What type of filesystem is the SQLite file residing on?

danielballan avatar Sep 13 '23 23:09 danielballan

It's the NERSC CFS, so it's not NFS.

dylanmcreynolds avatar Sep 14 '23 15:09 dylanmcreynolds

We have scaled it down to one process. It will be interesting to see if this goes away. If we need to scale up, we can switch to postgres.

dylanmcreynolds avatar Sep 14 '23 15:09 dylanmcreynolds

Yes, I think the right mindset is "SQLite is multi-process, but single-node." Any networked file system will be at best unusably slow and at worst corrupt. Definitely re-open if you see this again with a single node.

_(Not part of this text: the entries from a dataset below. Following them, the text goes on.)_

definition reducts :: "'a list \<Rightarrow> 'a list set" where
  "reducts w = {w'. sq_step\<^sup>*\<^sup>* w w' \<and> square_free w'}"

definition r :: "'a list \<Rightarrow> nat" where
  "r w = card (reducts w)"

end

theory Submission
  imports Defs
begin

text \<open>The ternary Thue--Morse word \<open>vtm\<close>, the difference word of the overlap-free
  Thue--Morse sequence \<open>t\<close>, is square-free. At every zero \<open>z\<close> of \<open>t\<close> the word \<open>vtm\<close> has the
  block \<open>210\<close> at position \<open>4z\<close>; let \<open>P\<^sub>z\<close> be the prefix ending with it. Consecutive zeros of
  \<open>t\<close> are at most three apart, and for each possible gap there is a gadget \<open>G\<close> such that
  \<open>210 G\<close> reduces both to \<open>210\<close> and to the factor of \<open>vtm\<close> reaching the \<open>210\<close> of the next
  zero. Appending gadgets gap by gap yields a ternary word reducing to every \<open>P\<^sub>z\<close> with
  \<open>z \<le> 2k\<close>: at least \<open>k\<close> distinct square-free reducts.\<close>

lemma sq_stepI: "x \<noteq> [] \<Longrightarrow> sq_step (u @ x @ x @ v) (u @ x @ v)"
  unfolding sq_step_def by blast

lemma sq_step_append_context: "sq_step w w' \<Longrightarrow> sq_step (p @ w @ q) (p @ w' @ q)"
  unfolding sq_step_def by (metis append.assoc)

lemma reduces_append_context:
  "sq_step\<^sup>*\<^sup>* w w' \<Longrightarrow> sq_step\<^sup>*\<^sup>* (p @ w @ q) (p @ w' @ q)"
  by (induction rule: rtranclp_induct) (auto intro: rtranclp.rtrancl_into_rtrancl sq_step_append_context)

lemma reduces_append_left: "sq_step\<^sup>*\<^sup>* w w' \<Longrightarrow> sq_step\<^sup>*\<^sup>* (p @ w) (p @ w')"
  using reduces_append_context[of w w' p "[]"] by simp

lemma reduces_append_right: "sq_step\<^sup>*\<^sup>* w w' \<Longrightarrow> sq_step\<^sup>*\<^sup>* (w @ q) (w' @ q)"
  using reduces_append_context[of w w' "[]" q] by simp

lemma reduces_set_length:
  "sq_step\<^sup>*\<^sup>* w w' \<Longrightarrow> set w' \<subseteq> set w \<and> length w' \<le> length w"
  by (induction rule: rtranclp_induct) (auto simp: sq_step_def)

lemma finite_reducts: "finite (reducts w)"
proof (rule finite_subset)
  show "reducts w \<subseteq> {v. set v \<subseteq> set w \<and> length v \<le> length w}"
    unfolding reducts_def using reduces_set_length by blast
  show "finite {v. set v \<subseteq> set w \<and> length v \<le> length w}"
    by (rule finite_lists_length_le) simp
qed

definition square_at :: "nat \<Rightarrow> nat \<Rightarrow> 'a list \<Rightarrow> bool" where
  "square_at i l w \<longleftrightarrow> 0 < l \<and> i + 2*l \<le> length w \<and> take l (drop i w) = take l (drop (i+l) w)"

definition contract_at :: "nat \<Rightarrow> nat \<Rightarrow> 'a list \<Rightarrow> 'a list" where
  "contract_at i l w = take (i+l) w @ drop (i+2*l) w"

lemma sq_step_contract_at:
  assumes "square_at i l w"
  shows "sq_step w (contract_at i l w)"
proof -
  define x where "x = take l (drop i w)"
  from assms have "0 < l" and "i + 2*l \<le> length w"
    and half: "take l (drop i w) = take l (drop (i+l) w)" by (auto simp: square_at_def)
  then have "x \<noteq> []" by (simp add: x_def)
  have "w = take i w @ x @ x @ drop (i+2*l) w"
    by (metis x_def half append_take_drop_id drop_drop add.commute mult_2 add.assoc)
  moreover have "contract_at i l w = take i w @ x @ drop (i+2*l) w"
    by (simp add: contract_at_def x_def take_add)
  ultimately show ?thesis
    using sq_stepI[OF \<open>x \<noteq> []\<close>] by metis
qed

text \<open>Reductions of concrete words are certified by the list of pairs (position, half-length)
  of the squares contracted, and checked by evaluation.\<close>

fun contract_seq :: "(nat \<times> nat) list \<Rightarrow> 'a list \<Rightarrow> 'a list option" where
  "contract_seq [] w = Some w"
| "contract_seq ((i, l) # ss) w =
     (if square_at i l w then contract_seq ss (contract_at i l w) else None)"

danielballan avatar Sep 14 '23 16:09 danielballan

To be clear, we were in a setup with multiple pods in the same cluster, and a volume mount that I wouldn't. This was the whole point of changing the tiled container image to be single process. It will be interesting to see what our guidance ends up being.

dylanmcreynolds avatar Sep 14 '23 16:09 dylanmcreynolds

Can you rephrase that first sentence? I can’t parse.

Maybe I should reopen this, awaiting your guidance on these kinds of deployments.

Aside: what kind of filesystem is CFS? I thought is was NFS.

danielballan avatar Sep 14 '23 16:09 danielballan

Aside: I answered my own question. Indeed, not NFS, but any networked FS will be “no warranty” at best, and should be avoided. https://docs.nersc.gov/filesystems/community/#performance

danielballan avatar Sep 14 '23 16:09 danielballan